Un enfant. Albert étudia son thé déjà froid, la gorge nouée et le coffre vide. Iris a fait un autre enfant, que je ne connais pas. Et elle me l'a caché, durant quinze ans... Il releva ses prunelles sobres et tremblantes sur son épouse, qui étudiait ses mains. Son visage triangulaire était plus que livide, et elle allait jusqu'à laisser sa frange empiéter sur ses lunettes.

Elle se sentait mal, discerna-t-il. Elle avait cru à la conséquence de son viol, avait-elle expliqué. Il se sentait mal, ressentit-il. Et elle lui avait caché sa grossesse même, lui avait-elle avoué.

Avoué. Au moins en était-elle arrivée là.

Il comprenait. Elle avait subi neuf ans de torture, après tout. Il avait continué de l'aimer, même après tant de changements dans son comportement, son physique et il en passait. Peu lui avait importé : Iris était restée Iris. Et Iris... reste toujours Iris...

Il se prit la tête dans les mains, les dents serrées au possible. « Monsieur Bronowski », s'étrangla-t-il. « Le père de... d'Alma Ralle. » Son épouse détourna le regard. Ses joues étaient en larmes, celles du quinquagénaire avaient séché depuis longtemps déjà. Mais elle tremblait de la tête aux pieds, sa respiration était sifflante...

Non. Non, je n'en peux plus. J'ai besoin d'air. « Rien. Je souhaitais le rencontrer... Mais ce n'est pas grave. » Il se dirigea vers leur porte-manteau, accroché contre leur bas mur de vieilles pierres. Ils avaient perdu leur fille Petra, il y avait trois ans de cela. Si j'avais su plus tôt que j'étais beau-père, qu'Iris avait une autre descendance...

« Albert, chevrota-t-elle d'ailleurs. Albert, où est-ce que tu vas ?!

— Faire un tour. Je suis désolée. Je dois réfléchir.

— Réfléchir..., s'étrangla-t-elle. Tu ne vas pas... »

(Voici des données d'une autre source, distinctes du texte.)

lemma isolated_pr_closure_points_unbounded:
  fixes \<kappa> :: "'k::wellorder"
  assumes inac: "strongly_inaccessible \<kappa>" and st: "stationary_in \<kappa> (S_pr \<kappa>)"
    and f: "f \<in> kfuns \<kappa>" and "m < \<kappa>"
  obtains \<delta> where "\<delta> \<in> isolated_pr_closure_points \<kappa> f" "m < \<delta>"
proof -
  have "is_limit \<kappa>" using inac by (rule strongly_inaccessible_imp_is_limit)
  then obtain x where "x \<in> S_pr \<kappa>" "x \<in> closure_points \<kappa> f" "m < x"
    by (rule stationary_meets_club_above[OF st club_closure_points[OF inac f] _ \<open>m < \<kappa>\<close>])
  then have "x \<in> S_pr \<kappa> \<inter> closure_points \<kappa> f" "m < x" by auto
  then obtain \<delta> where "\<delta> \<in> isolated_points (S_pr \<kappa> \<inter> closure_points \<kappa> f)" "m < \<delta>"
    by (rule isolated_points_above)
  then show thesis using that unfolding isolated_pr_closure_points_def by blast
qed

lemma dominating_escapes_nonstationary:
  fixes \<kappa> :: "'k::wellorder"
  assumes inac: "strongly_inaccessible \<kappa>" and st: "stationary_in \<kappa> (S_pr \<kappa>)"
    and D: "dominating \<kappa> D" and B: "\<not> stationary_in \<kappa> B"
  shows "\<exists>f\<in>D. \<not> subset_star \<kappa> (isolated_pr_closure_points \<kappa> f) B"
proof -
  have lim: "is_limit \<kappa>" using inac by (rule strongly_inaccessible_imp_is_limit)
  obtain C where C: "club_in \<kappa> C" "B \<inter> C = {}" using B unfolding stationary_in_def by blast
  obtain g where g: "g \<in> kfuns \<kappa>" "\<forall>x<\<kappa>. x < g x \<and> g x \<in> C"
    using club_successor_function[OF lim C(1)] by blast
  obtain f where f: "f \<in> D" "f \<in> kfuns \<kappa>" "le_star \<kappa> g f"
    using D g(1) unfolding dominating_def by blast
  then obtain \<beta> where \<beta>: "\<beta> < \<kappa>" "\<forall>i. \<beta> \<le> i \<and> i < \<kappa> \<longrightarrow> g i \<le> f i"
    unfolding le_star_def by blast
  have "\<not> subset_star \<kappa> (isolated_pr_closure_points \<kappa> f) B"
  proof
    assume "subset_star \<kappa> (isolated_pr_closure_points \<kappa> f) B"
    then obtain \<beta>' where \<beta>': "\<beta>' < \<kappa>" "\<forall>x\<in>isolated_pr_closure_points \<kappa> f - B. x < \<beta>'"
      unfolding subset_star_def by blast
    have "max \<beta> \<beta>' < \<kappa>" using \<beta>(1) \<beta>'(1) by simp
    then obtain \<delta> where \<delta>: "\<delta> \<in> isolated_pr_closure_points \<kappa> f" "max \<beta> \<beta>' < \<delta>"
      by (rule isolated_pr_closure_points_unbounded[OF inac st f(2)])
    have "\<delta> \<in> closure_points \<kappa> f"
      using \<delta>(1) unfolding isolated_pr_closure_points_def isolated_points_def by blast
    moreover have "\<beta> < \<delta>" "\<beta>' < \<delta>" using \<delta>(2) by auto
    ultimately have "\<delta> \<in> C" using closure_point_in_club[OF C(1) g(2) _ _ \<beta>(2)] by blast
    with C(2) \<beta>'(2) \<delta>(1) have "\<delta> < \<beta>'" by blast
    with \<open>\<beta>' < \<delta>\<close> show False by simp
  qed
  with f(1) show ?thesis by blast
qed

theorem theorem5p11:
  fixes \<kappa> :: "'k::wellorder"
  assumes "strongly_inaccessible \<kappa>"
    and "stationary_in \<kappa> (S_pr \<kappa>)"
  shows "\<forall>D. dominating \<kappa> D \<longrightarrow>
           (\<exists>F. unbounded_family \<kappa> F \<and> (card_of F, card_of D) \<in> ordLeq)"
proof (intro allI impI)
  fix D assume D: "dominating \<kappa> D"
  define F where "F = isolated_pr_closure_points \<kappa> ` D"
  have "F \<subseteq> nst_pr \<kappa>" unfolding F_def using isolated_pr_closure_points_in_nst_pr by blast
  moreover have "\<not> (\<exists>B\<in>nst_pr \<kappa>. \<forall>A\<in>F. subset_star \<kappa> A B)"
  proof
    assume "\<exists>B\<in>nst_pr \<kappa>. \<forall>A\<in>F. subset_star \<kappa> A B"
    then obtain B where B: "B \<in> nst_pr \<kappa>"
      "\<forall>f\<in>D. subset_star \<kappa> (isolated_pr_closure_points \<kappa> f) B"
      unfolding F_def by blast
    with dominating_escapes_nonstationary[OF assms D nst_pr_not_stationary[OF assms(1) B(1)]]
    show False by blast
  qed
  ultimately have "unbounded_family \<kappa> F" unfolding unbounded_family_def by blast
  moreover have "(card_of F, card_of D) \<in> ordLeq" unfolding F_def by (rule card_of_image)
  ultimately show "\<exists>F. unbounded_family \<kappa> F \<and> (card_of F, card_of D) \<in> ordLeq" by blast
qed

end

Elle étouffa un gémissement. « ... me laisser », devina-t-il. Il prit une longue inspiration. Il revoyait le visage de Petra, il revoyait son sourire, il revoyait la dernière lettre qu'elle leur avait adressée. « Je vais revenir, Iris. Seulement faire un tour. » Il enroula avec labeur une écharpe autour de son cou et ouvrit leur porte combattant la neige et le vent. Il entendit la rousse se lever précipitamment de sa chaise, mais leva une main avant qu'elle ne l'atteigne.

« Je t'aime, d'accord ? Tu es forte. Et courageuse. Pour avoir raconté ça. » Alors, ne pars pas. Car je reviendrai. Mais sa voix vide ne parvint pas à transmettre ces dernières pensées. Il sortit seulement dans leur étroite rue aux hauts bâtiments tarabiscotés, et ferma le battant derrière lui.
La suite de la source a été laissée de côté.